SINGLE REVIEW: FMLH (Full Moon Little House) – 77 Echoes
Video
I don’t normally comment on music videos — they rarely influence how I hear a track — but the visual world of ‘77 Echoes’ is impossible to ignore. It’s striking, unsettling, and genuinely affecting, pairing the song’s themes with a poetic metaphor of war, ecological collapse, and eventual rebirth.
The imagery is powerful from the outset: a black deer wandering a desolate forest meets a red-clad soldier, the two figures clashing in a near-mythic juxtaposition. The soldier represents bloodshed; the deer the devastation of a fallen natural world. Their glowing eyes, skeletal hints, and the soldier’s later transformation — turning black, crawling with a macabre, insect-ridden texture — make the narrative feel deeply uneasy.
The death of both deer and soldier lands with particular force. Barbed wire, barren land, and destroyed trees paint a vivid portrait of conflict and the damage it inflicts. It’s bleak, stark, and harrowing.

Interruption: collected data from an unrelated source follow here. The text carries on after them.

lemma phase1_length_bound:
  assumes "1 \<le> s0"
    and "\<forall>k<K. \<not> all_marg_pos (s0 + k)"
    and "\<forall>k\<le>K. 0 < perp (s0 + k) \<and> perp (s0 + k) \<le> eta"
  shows "real K < 2 + 3 * real n / \<gamma>"
proof -
  have "drift\<^sup>2 * (real K * (real K - 1) / 2) \<le> eta\<^sup>2 + real K * eta * (eta * \<delta>)"
    using phase1_invariant[OF assms, of K] zero_le_power2[of "perp (s0 + K)"] by linarith
  then show ?thesis
    using n_pos eta_pos delta_pos unfolding drift_def
    by (intro triangular_budget_bound[OF one_le_eta gamma_pos gamma_le_1 _ _ n_eta_delta_le]) auto
qed

section \<open>Phase 2: all margins are positive\<close>

lemma gamma_sq_le_inner_x:
  assumes "i < n" "j < n" "b i \<le> 0" "b j \<le> 0"
  shows "\<gamma>\<^sup>2 \<le> x j \<bullet> x i"
proof -
  have "\<gamma> * \<gamma> \<le> a j * a i"
    using assms gamma_le_a gamma_pos a_pos by (intro mult_mono) (auto intro: less_imp_le)
  moreover have "0 \<le> b j * b i"
    using assms by (simp add: mult_nonpos_nonpos)
  ultimately show ?thesis
    by (simp add: inner_x_eq power2_eq_square)
qed

lemma weighted_inner_x_ge:
  assumes "1 \<le> s" "0 < perp s" "i < n" "b i \<le> 0" "j < n"
  shows "- \<delta> \<le> logistic_weight (marg s j) * (x j \<bullet> x i)"
proof (cases "b j \<le> 0")
  case True
  then have "\<gamma>\<^sup>2 \<le> x j \<bullet> x i"
    using assms(3-5) by (intro gamma_sq_le_inner_x) auto
  then have "0 \<le> x j \<bullet> x i"
    using gamma_sq_pos by linarith
  then have "0 \<le> logistic_weight (marg s j) * (x j \<bullet> x i)"
    using logistic_weight_pos[of "marg s j"] by simp
  then show ?thesis
    using delta_pos by linarith
next
  case False
  have "logistic_weight (marg s j) * - 1 \<le> logistic_weight (marg s j) * (x j \<bullet> x i)"
    using assms(3,5) abs_inner_x_le_1[of j i] logistic_weight_pos[of "marg s j"]
    by (intro mult_left_mono) auto
  moreover have "logistic_weight (marg s j) \<le> \<delta>"
    using False assms(1,2,5) by (intro weight_le_delta_of_same_side) auto
  ultimately show ?thesis
    by linarith
qed

lemma marg_Suc_gt:
  assumes "1 \<le> s" "1 / (8 * eta) < loss s" "0 < perp s" "i < n" "b i \<le> 0"
  shows "marg s i < marg (Suc s) i"
proof -
  obtain k where k: "k < n" "b k < 0" and weight: "1 / (9 * eta) < logistic_weight (marg s k)"
    using exists_violator[OF assms(1-3)] by blast
  have nonneg: "0 \<le> logistic_weight (marg s j) * (x j \<bullet> x i) + \<delta>" if "j \<in> {..<n}" for j
    using weighted_inner_x_ge[OF assms(1,3-5), of j] that by simp
  have "logistic_weight (marg s k) * (x k \<bullet> x i) + \<delta>
      \<le> (\<Sum>j<n. logistic_weight (marg s j) * (x j \<bullet> x i) + \<delta>)"
    using k(1) nonneg by (intro member_le_sum) auto
  then have "logistic_weight (marg s k) * (x k \<bullet> x i) + \<delta>
      \<le> (\<Sum>j<n. logistic_weight (marg s j) * (x j \<bullet> x i)) + real n * \<delta>"
    by (simp add: sum.distrib)
  moreover have "logistic_weight (marg s k) * \<gamma>\<^sup>2 \<le> logistic_weight (marg s k) * (x k \<bullet> x i)"
    using k assms(4,5) logistic_weight_pos[of "marg s k"]
    by (intro mult_left_mono gamma_sq_le_inner_x) auto
  moreover have "1 / (9 * eta) * \<gamma>\<^sup>2 \<le> logistic_weight (marg s k) * \<gamma>\<^sup>2"
    using weight gamma_sq_pos by (intro mult_right_mono) auto
  moreover have "9 * (real n * (eta * \<delta>)) < \<gamma>\<^sup>2"
    using n_eta_delta_le gamma_sq_pos by linarith
  then have "real n * \<delta> < 1 / (9 * eta) * \<gamma>\<^sup>2"
    using eta_pos by (simp add: field_simps)
  ultimately have "0 < (\<Sum>j<n. logistic_weight (marg s j) * (x j \<bullet> x i))"
    using delta_pos by linarith
  then show ?thesis
    using eta_pos n_pos by (simp add: marg_Suc)
qed

lemma all_marg_pos_Suc:
  assumes "1 \<le> s" "1 / (8 * eta) < loss s" "0 < perp s" "0 < perp (Suc s)" "all_marg_pos s"
  shows "all_marg_pos (Suc s)"
  unfolding all_marg_pos_def
proof (intro allI impI)
  fix i assume i: "i < n"
  show "0 < marg (Suc s) i"
  proof (cases "b i \<le> 0")
    case True
    then show ?thesis
      using marg_Suc_gt[OF assms(1-3) i True] assms(5) i by (force simp: all_marg_pos_def)
  next
    case False
    then show ?thesis
      using marg_ge_of_same_side[of "Suc s" i] assms(1,4) i u_pos by force
  qed
qed

lemma loss_Suc_le:
  "loss (Suc s) \<le> loss s - eta / (real n)\<^sup>2 *
     (\<Sum>i<n. \<Sum>j<n. logistic_weight (marg (Suc s) i) * logistic_weight (marg s j) * (x j \<bullet> x i))"
proof -
  define W where "W i = (\<Sum>j<n. logistic_weight (marg (Suc s) i) * logistic_weight (marg s j) * (x j \<bullet> x i))" for i
  have "(marg (Suc s) i - marg s i) * logistic_weight (marg (Suc s) i) = eta / real n * W i" for i
    by (simp add: marg_Suc W_def sum_distrib_left sum_distrib_right mult_ac)
  then have "logistic_loss (marg (Suc s) i) \<le> logistic_loss (marg s i) - eta / real n * W i" for i
    using logistic_loss_tangent[of "marg (Suc s) i" "marg s i"] by simp
  then have "(\<Sum>i<n. logistic_loss (marg (Suc s) i)) \<le> (\<Sum>i<n. logistic_loss (marg s i) - eta / real n * W i)"
    by (intro sum_mono)
  also have "\<dots> = (\<Sum>i<n. logistic_loss (marg s i)) - eta / real n * (\<Sum>i<n. W i)"
    by (simp add: sum_subtractf sum_distrib_left)
  finally have "(\<Sum>i<n. logistic_loss (marg (Suc s) i)) / real n
      \<le> ((\<Sum>i<n. logistic_loss (marg s i)) - eta / real n * (\<Sum>i<n. W i)) / real n"
    using n_pos by (intro divide_right_mono) auto
  then show ?thesis
    by (simp add: loss_eq W_def diff_divide_distrib power2_eq_square)
qed

definition "neg_weight s j = (if b j \<le> 0 then logistic_weight (marg s j) else 0)"

lemma cross_term_ge:
  assumes "1 \<le> s" "0 < perp s" "0 < perp (Suc s)" "i < n" "j < n"
  shows "\<gamma>\<^sup>2 * (neg_weight (Suc s) i * neg_weight s j) - \<delta>
    \<le> logistic_weight (marg (Suc s) i) * logistic_weight (marg s j) * (x j \<bullet> x i)"
proof -
  let ?w' = "logistic_weight (marg (Suc s) i)" and ?w = "logistic_weight (marg s j)"
  have w: "0 < ?w'" "?w' \<le> 1" "0 < ?w" "?w \<le> 1"
    using logistic_weight_pos logistic_weight_le_1 by auto
  show ?thesis
  proof (cases "b i \<le> 0 \<and> b j \<le> 0")
    case True
    then have "?w' * ?w * \<gamma>\<^sup>2 \<le> ?w' * ?w * (x j \<bullet> x i)"
      using assms(4,5) w by (intro mult_left_mono gamma_sq_le_inner_x) auto
    then show ?thesis
      using True delta_pos by (simp add: neg_weight_def mult_ac)
  next
    case False
    have "?w' * ?w \<le> \<delta>"
    proof (cases "b i \<le> 0")
      case True
      then have "?w \<le> \<delta>"
        using False assms by (intro weight_le_delta_of_same_side) auto
      then show ?thesis
        using w mult_mono[of ?w' 1 ?w \<delta>] by simp
    next
      case False
      then have "?w' \<le> \<delta>"
        using assms by (intro weight_le_delta_of_same_side) auto
      then show ?thesis
        using w mult_mono[of ?w' \<delta> ?w 1] delta_pos by simp
    qed
    moreover have "?w' * ?w * - 1 \<le> ?w' * ?w * (x j \<bullet> x i)"
      using w abs_inner_x_le_1[OF assms(5,4)] by (intro mult_left_mono) auto
    moreover have "\<gamma>\<^sup>2 * (neg_weight (Suc s) i * neg_weight s j) = 0"
      using False by (auto simp: neg_weight_def)
    ultimately show ?thesis
      by linarith
  qed
qed

lemma sum_neg_weight_ge:
  assumes "1 \<le> s" "0 \<le> perp s" "all_marg_pos s"
  shows "real n * (loss s / 2 - \<delta>) \<le> (\<Sum>j<n. neg_weight s j)"
proof -
  have "logistic_loss (marg s j) / 2 - \<delta> \<le> neg_weight s j" if j: "j \<in> {..<n}" for j
  proof (cases "b j \<le> 0")
    case True
    have "0 < marg s j"
      using assms(3) j by (simp add: all_marg_pos_def)
    then have "exp (- marg s j) / 2 \<le> logistic_weight (marg s j)"
      by (intro logistic_weight_ge_half_exp) simp
    then show ?thesis
      using True delta_pos logistic_loss_le_exp[of "marg s j"] by (simp add: neg_weight_def)
  next
    case False
    then show ?thesis
      using j assms(1,2) loss_le_delta_of_same_side[of s j] delta_pos by (simp add: neg_weight_def)
  qed
  then have "(\<Sum>j<n. logistic_loss (marg s j) / 2 - \<delta>) \<le> (\<Sum>j<n. neg_weight s j)"
    by (rule sum_mono)
  moreover have "(\<Sum>j<n. logistic_loss (marg s j) / 2 - \<delta>) = real n * (loss s / 2 - \<delta>)"
    using n_pos by (simp add: loss_eq sum_subtractf sum_divide_distrib[symmetric] field_simps)
  ultimately show ?thesis
    by simp
qed

lemma delta_le_half_loss: "1 / (8 * eta) < loss s \<Longrightarrow> \<delta> \<le> loss s / 2"
proof -
  assume "1 / (8 * eta) < loss s"
  moreover have "eta * \<delta> \<le> 1 / 16"
    using eta_delta_le gamma_sq_le_1 by linarith
  then have "\<delta> \<le> 1 / (16 * eta)"
    using eta_pos by (simp add: field_simps)
  ultimately show ?thesis
    by (simp add: field_simps)
qed

lemma inverse_loss_Suc_ge:
  assumes "1 \<le> s" "1 / (8 * eta) < loss s" "1 / (8 * eta) < loss (Suc s)"
    and "0 < perp s" "0 < perp (Suc s)" "all_marg_pos s" "all_marg_pos (Suc s)"
  shows "1 / loss s + eta * \<gamma>\<^sup>2 / 5 \<le> 1 / loss (Suc s)"
proof -
  define W where "W = (\<Sum>i<n. \<Sum>j<n.
    logistic_weight (marg (Suc s) i) * logistic_weight (marg s j) * (x j \<bullet> x i))"
  define Q where "Q = (loss s / 2 - \<delta>) * (loss (Suc s) / 2 - \<delta>)"
  have "(\<Sum>i<n. \<Sum>j<n. \<gamma>\<^sup>2 * (neg_weight (Suc s) i * neg_weight s j) - \<delta>) \<le> W"
    unfolding W_def using cross_term_ge assms(1,4,5) by (intro sum_mono) auto
  moreover have "(\<Sum>i<n. \<Sum>j<n. \<gamma>\<^sup>2 * (neg_weight (Suc s) i * neg_weight s j) - \<delta>)
      = \<gamma>\<^sup>2 * ((\<Sum>i<n. neg_weight (Suc s) i) * (\<Sum>j<n. neg_weight s j)) - real n * real n * \<delta>"
    unfolding sum_product by (simp add: sum_subtractf sum_distrib_left mult.assoc)
  ultimately have W: "\<gamma>\<^sup>2 * ((\<Sum>i<n. neg_weight (Suc s) i) * (\<Sum>j<n. neg_weight s j)) - real n * real n * \<delta> \<le> W"
    by simp
  have "real n * (loss (Suc s) / 2 - \<delta>) * (real n * (loss s / 2 - \<delta>))
      \<le> (\<Sum>i<n. neg_weight (Suc s) i) * (\<Sum>j<n. neg_weight s j)"
    using sum_neg_weight_ge[of "Suc s"] sum_neg_weight_ge[of s] assms
      delta_le_half_loss[OF assms(2)] delta_le_half_loss[OF assms(3)]
    by (intro mult_mono) (auto intro: order_trans[rotated])
  then have "real n * real n * (\<gamma>\<^sup>2 * Q) \<le> \<gamma>\<^sup>2 * ((\<Sum>i<n. neg_weight (Suc s) i) * (\<Sum>j<n. neg_weight s j))"
    using mult_left_mono[OF _ less_imp_le[OF gamma_sq_pos]] by (fastforce simp: Q_def mult_ac)
  with W have "(real n)\<^sup>2 * (\<gamma>\<^sup>2 * Q - \<delta>) \<le> W"
    by (simp add: power2_eq_square algebra_simps)
  then have "\<gamma>\<^sup>2 * Q - \<delta> \<le> W / (real n)\<^sup>2"
    using n_pos by (simp add: field_simps)
  then have "eta * (\<gamma>\<^sup>2 * Q - \<delta>) \<le> eta / (real n)\<^sup>2 * W"
    using eta_pos mult_left_mono[of _ _ eta] by fastforce
  then have "loss (Suc s) \<le> loss s - eta * (\<gamma>\<^sup>2 * Q - \<delta>)"
    using loss_Suc_le[of s] unfolding W_def by linarith
  then show ?thesis
    unfolding Q_def
    by (rule inverse_increase_of_quadratic_decrease[OF one_le_eta gamma_sq_pos gamma_sq_le_1
          delta_pos eta_sq_delta_le assms(2,3)])
qed

lemma phase2_length_bound:
  assumes s0: "1 \<le> s0" and pos0: "all_marg_pos s0"
    and run: "\<forall>k\<le>K. 1 / (8 * eta) < loss (s0 + k) \<and> 0 < perp (s0 + k)"
  shows "real K < 40 / \<gamma>\<^sup>2"
proof -
  have "all_marg_pos (s0 + k) \<and> 1 / loss s0 + real k * (eta * \<gamma>\<^sup>2 / 5) \<le> 1 / loss (s0 + k)"
    if "k \<le> K" for k
    using that
  proof (induction k)
    case (Suc k)
    then have hyps: "1 \<le> s0 + k" "1 / (8 * eta) < loss (s0 + k)" "1 / (8 * eta) < loss (Suc (s0 + k))"
      "0 < perp (s0 + k)" "0 < perp (Suc (s0 + k))" "all_marg_pos (s0 + k)"
      using s0 run by (auto dest: spec[of _ k] spec[of _ "Suc k"])
    then have "all_marg_pos (Suc (s0 + k))"
      by (intro all_marg_pos_Suc) auto
    moreover have "1 / loss (s0 + k) + eta * \<gamma>\<^sup>2 / 5 \<le> 1 / loss (Suc (s0 + k))"
      using hyps calculation by (intro inverse_loss_Suc_ge) auto
    moreover have "1 / loss s0 + real k * (eta * \<gamma>\<^sup>2 / 5) \<le> 1 / loss (s0 + k)"
      using Suc by simp
    ultimately show ?case
      unfolding add_Suc_right of_nat_Suc distrib_right mult_1_left by linarith
  qed (simp add: pos0)
  then have growth: "1 / loss s0 + real K * (eta * \<gamma>\<^sup>2 / 5) \<le> 1 / loss (s0 + K)"
    by blast
  have "0 < 1 / (8 * eta)" "1 / (8 * eta) < loss s0" "1 / (8 * eta) < loss (s0 + K)"
    using run eta_pos by (auto dest: spec[of _ 0] spec[of _ K])
  then have "0 < loss s0" "0 < loss (s0 + K)" "1 / (8 * eta) < loss (s0 + K)"
    by linarith+
  then have "0 < 1 / loss s0" "1 / loss (s0 + K) < 8 * eta"
    using eta_pos by (simp_all add: field_simps)
  with growth have "real K * (eta * \<gamma>\<^sup>2 / 5) < 8 * eta"
    by linarith
  then have "eta * (real K * \<gamma>\<^sup>2) < eta * 40"
    by (simp add: field_simps)
  then have "real K * \<gamma>\<^sup>2 < 40"
    using mult_less_cancel_left_pos[OF eta_pos] by blast
  then show ?thesis
    using gamma_sq_pos by (simp add: field_simps)
qed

But the cycle doesn’t end there. From the wreckage comes regrowth — flowers blooming, colours returning, the forest re-establishing itself piece by piece. The palette shifts from monochrome to vibrancy, an intentional pivot from devastation to renewal. By the end, the forest stands reborn, leaving destruction as a fading memory. It’s artful, direct, and emotionally resonant.
Song
The track itself shuffles in with an almost sparkling energy, only to settle into a harrowing, progressive melody that mirrors the emotional arc of the visuals. There’s something dark, macabre, and somber running through its foundations. Synths pulse gently, guitars thicken the air, and the drums grumble beneath everything like distant thunder.
The vocals are a standout — gritty yet arty, delivered with a conviction that makes the emotion feel immediate rather than abstract. They handle the heavy themes with sincerity but without overstepping into melodrama. It’s powerful but understated, allowing the feelings behind the song to sit front and centre.
By the midpoint, everything swells into a wall of noise — a chaotic, improvised-feeling burst with a jazz-adjacent looseness and a progressive edge. It’s overwhelming in the right way, capturing a sense of spiralling tension. When the piano arrives, there’s a brief sense of warmth, a flash of brightness before tribal drums begin to pulse and drive the track into its final form.
The last stretch grows louder, rawer, more abrasive. Guitars scream with angular riffs before everything collapses into silence, leaving a lingering heaviness in the air.
Final Thoughts
‘77 Echoes’ isn’t an easy watch or an easy listen — nor is it meant to be. Both the song and the video confront their themes with unflinching honesty. It’s a poignant reflection on conflict, destruction, and the fragile possibility of renewal. Harsh, brave, artful, and deeply human, it’s not a track for the faint-hearted, but it is one that deserves your attention.